Forces acting on all points of a certain volume or surface are called distributed .

A body that is not prevented from moving in any direction by any other body is called a free body.

External and internal forces. Free and non-free body. The principle of release from bonds.

Outside forces called the forces with which the parts of a given body act on each other.

When solving most problems of statics, it is required to represent a non-free body as a free one, which is done using the principle of freeing the body, which is formulated as follows:

any non-free body can be considered as free, if we discard the connections, replacing them with reactions.
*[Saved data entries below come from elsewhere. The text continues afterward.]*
lemma partial_fixed_point_ge_harmonic: "u \<le> x"
proof (rule ccontr)
  define z where "z = x - u"
  define mu where "mu = Min (range (\<lambda>k. z $ k))"
  define S where "S = {k. z $ k = mu}"
  assume "\<not> u \<le> x"
  then have "\<exists>k. z $ k < 0" by (auto simp: less_eq_vec_def z_def not_le)
  then obtain k where "z $ k < 0" ..
  have z_ge: "mu \<le> z $ k" for k unfolding mu_def by simp
  then have "mu < 0" using \<open>z $ k < 0\<close> le_less_trans by blast
  have "mu \<in> range (\<lambda>k. z $ k)" unfolding mu_def by (intro Min_in) auto
  then have "S \<noteq> {}" by (auto simp: S_def)
  have noncritical: "k \<notin> critical_nodes g u" if "k \<in> S" for k
    using that agree_critical \<open>mu < 0\<close> by (fastforce simp: S_def z_def)
  obtain M where "M \<in> subdiff g u" using convex_map_subdiff_nonempty[OF convex] .
  have "z $ j = mu" if "i \<in> S" and "M $ i $ j \<noteq> 0" for i j
  proof -
    have "g u $ i + M $ i \<bullet> (x - u) \<le> g x $ i"
      using \<open>M \<in> subdiff g u\<close> by (simp add: subdiff_iff_rows)
    moreover have "g x $ i = u $ i + mu"
      using fixed_noncritical[OF noncritical[OF \<open>i \<in> S\<close>]] \<open>i \<in> S\<close> by (simp add: S_def z_def)
    ultimately have "- mu \<le> M $ i \<bullet> (- z)" using harmonic by (simp add: z_def inner_diff_right)
    then have "(- z) $ j = - mu"
      using stochastic_row_attains_bound(2)[OF subdiff_stochastic[OF op ah \<open>M \<in> subdiff g u\<close>],
          of "- z" "- mu" i j]
        z_ge \<open>M $ i $ j \<noteq> 0\<close> by simp
    then show ?thesis by simp
  qed
  then have "arcs M `` S \<subseteq> S" by (auto simp: arcs_def S_def)
  then show False
    using closed_set_meets_critical_nodes[OF op ah \<open>M \<in> subdiff g u\<close> \<open>S \<noteq> {}\<close>] noncritical
    by blast
qed

lemma partial_fixed_point_eq_harmonic: "x = u"
  using partial_fixed_point_le_harmonic partial_fixed_point_ge_harmonic by (rule antisym)

end

theorem lemma3p1:
  fixes g :: "real^'n \<Rightarrow> real^'n" and u :: "real^'n"
  assumes "convex_map g" and "order_preserving g" and "additively_homogeneous g"
    and "g u = u"
  defines "C \<equiv> critical_nodes g u"
  defines "N \<equiv> UNIV - C"
  defines "h \<equiv> (\<lambda>y. restrict (\<lambda>i. g (imath N y u) $ i) N)"
  shows "\<exists>!y. y \<in> N \<rightarrow>\<^sub>E (UNIV::real set) \<and> h y = y"
proof
  define y0 where "y0 = restrict (\<lambda>i. u $ i) N"
  have "imath N y0 u = u" by (simp add: imath_def y0_def vec_eq_iff)
  then show "y0 \<in> N \<rightarrow>\<^sub>E UNIV \<and> h y0 = y0"
    using assms(4) by (simp add: h_def y0_def)
  fix y assume y: "y \<in> N \<rightarrow>\<^sub>E UNIV \<and> h y = y"
  have fixed: "imath N y u = u"
  proof (rule partial_fixed_point_eq_harmonic[OF assms(1-4)])
    show "imath N y u $ i = u $ i" if "i \<in> critical_nodes g u" for i
      using that by (simp add: imath_def N_def C_def)
    show "g (imath N y u) $ i = imath N y u $ i" if "i \<notin> critical_nodes g u" for i
    proof -
      have "i \<in> N" using that by (simp add: N_def C_def)
      then have "g (imath N y u) $ i = y i" using fun_cong[OF conjunct2[OF y], of i] by (simp add: h_def)
      also have "\<dots> = imath N y u $ i" using \<open>i \<in> N\<close> by (simp add: imath_def)
      finally show ?thesis .
    qed
  qed
  have "y i = u $ i" if "i \<in> N" for i
  proof -
    have "y i = imath N y u $ i" using that by (simp add: imath_def)
    then show ?thesis by (simp add: fixed)
  qed
  then show "y = y0"
    using y by (intro PiE_ext[of _ N]) (auto simp: y0_def)
qed

end
lemma quadrant_in_Union_rect_iff:
  assumes fin: "finite F" and s: "s \<in> {-1, 1}" and t: "t \<in> {-1, 1}"
  shows "quadrant_in (\<Union>(rect ` F)) p s t \<longleftrightarrow> (\<exists>M\<in>F. covers_quadrant M p s t)"
proof
  obtain x y where p: "p = (x, y)" by (cases p)
  assume "quadrant_in (\<Union>(rect ` F)) p s t"
  then obtain e where e: "e > 0" and eP: "\<And>u v. 0 < s * (u - x) \<Longrightarrow> s * (u - x) < e \<Longrightarrow>
       0 < t * (v - y) \<Longrightarrow> t * (v - y) < e \<Longrightarrow> (u, v) \<in> \<Union>(rect ` F)"
    unfolding quadrant_in_def p by auto
  \<comment> \<open>Step diagonally into the quadrant by less than every nonzero distance from p
    to the line of a side of a rectangle: the rectangle reached then covers the quadrant.\<close>
  define gaps where "gaps = insert e ((\<Union>(a, b, c, d)\<in>F. {\<bar>a - x\<bar>, \<bar>c - x\<bar>, \<bar>b - y\<bar>, \<bar>d - y\<bar>}) - {0})"
  define \<delta> where "\<delta> = Min gaps / 2"
  have "finite gaps" "gaps \<noteq> {}" "\<forall>z\<in>gaps. z > 0"
    unfolding gaps_def using fin e by auto
  then have \<delta>: "0 < \<delta>" "\<forall>z\<in>gaps. 2 * \<delta> \<le> z"
    unfolding \<delta>_def by auto
  have "\<delta> < e" using \<delta> unfolding gaps_def by auto
  then have "(x + s * \<delta>, y + t * \<delta>) \<in> \<Union>(rect ` F)"
    using s t \<delta>(1) by (intro eP) auto
  then obtain a b c d where M: "(a, b, c, d) \<in> F" "(x + s * \<delta>, y + t * \<delta>) \<in> rect (a, b, c, d)"
    by auto
  have "z = 0 \<or> 2 * \<delta> \<le> z" if "z \<in> {\<bar>a - x\<bar>, \<bar>c - x\<bar>, \<bar>b - y\<bar>, \<bar>d - y\<bar>}" for z
    using \<delta>(2) M(1) that unfolding gaps_def by blast
  then have "\<bar>a - x\<bar> = 0 \<or> 2 * \<delta> \<le> \<bar>a - x\<bar>" "\<bar>c - x\<bar> = 0 \<or> 2 * \<delta> \<le> \<bar>c - x\<bar>"
    "\<bar>b - y\<bar> = 0 \<or> 2 * \<delta> \<le> \<bar>b - y\<bar>" "\<bar>d - y\<bar> = 0 \<or> 2 * \<delta> \<le> \<bar>d - y\<bar>"
    by blast+
  then have "covers_quadrant (a, b, c, d) p s t"
    using M(2) p s t \<delta>(1) by (auto simp: abs_if split: if_splits)
  then show "\<exists>M\<in>F. covers_quadrant M p s t" using M(1) by blast
next
  assume "\<exists>M\<in>F. covers_quadrant M p s t"
  then show "quadrant_in (\<Union>(rect ` F)) p s t"
    using quadrant_in_if_covers_quadrant[OF _ _ s t] by blast
qed

section \<open>Tilings and the pieces of a vertical division\<close>

definition tiling :: "(real \<times> real) set \<Rightarrow> rcoords set \<Rightarrow> bool" where
  "tiling P F \<longleftrightarrow> finite F \<and> F \<noteq> {} \<and> (\<forall>M\<in>F. proper M) \<and> P = \<Union>(rect ` F) \<and>
     (\<forall>M\<in>F. \<forall>N\<in>F. overlap M N \<longrightarrow> M = N)"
As a result of applying this principle, a body is obtained that is free from bonds and is under the action of a certain system of active and reactive forces.

Axioms of statics.

Conditions under which a body can be in equal Vesii, are derived from several basic provisions, accepted without evidence, but confirmed by experiments , and called axioms of statics. The basic axioms of statics were formulated by the English scientist Newton (1642-1727), and therefore they are named after him.

Axiom I (axiom of inertia or Newton's first law).

Any body retains its state of rest or rectilinear uniform motion, as long as some Forces will not bring him out of this state.

The ability of a body to maintain its state of rest or rectilinear uniform motion is called inertia. On the basis of this axiom, we consider the state of equilibrium to be such a state when the body is at rest or moves in a straight line and uniformly (i.e., the PO of inertia).

Axiom II (the axiom of interaction or Newton's third law).

If one body acts on the second with a certain force, then the second body simultaneously acts on the first with a force equal in magnitude to the opposite in direction.

The totality of forces applied to a given body (or system of bodies) is called force system. The force of action of a body on a given body and the force of reaction of a given body do not represent a system of forces, since they are applied to different bodies.

If some system of forces has such a property that, after being applied to a free body, it does not change its state of equilibrium, then such a system of forces is called balanced.

Axiom III (condition of balance of two forces).

For the equilibrium of a free rigid body under the action of two forces, it is necessary and sufficient that these forces be equal in absolute value and act in one straight line in opposite directions.

necessary to balance the two forces. This means that if the system of two forces is in equilibrium, then these forces must be equal in absolute value and act in one straight line in opposite directions.

The condition formulated in this axiom is sufficient to balance the two forces. This means that the reverse formulation of the axiom is true, namely: if two forces are equal in absolute value and act in the same straight line in opposite directions, then such a system of forces is necessarily in equilibrium.

In the following, we will get acquainted with the equilibrium condition, which will be necessary, but not sufficient for equilibrium.

Axiom IV.

The equilibrium of a rigid body will not be disturbed if a system of balanced forces is applied to it or removed.

Consequence from the axioms III and IV.

The equilibrium of a rigid body is not disturbed by the transfer of a force along its line of action.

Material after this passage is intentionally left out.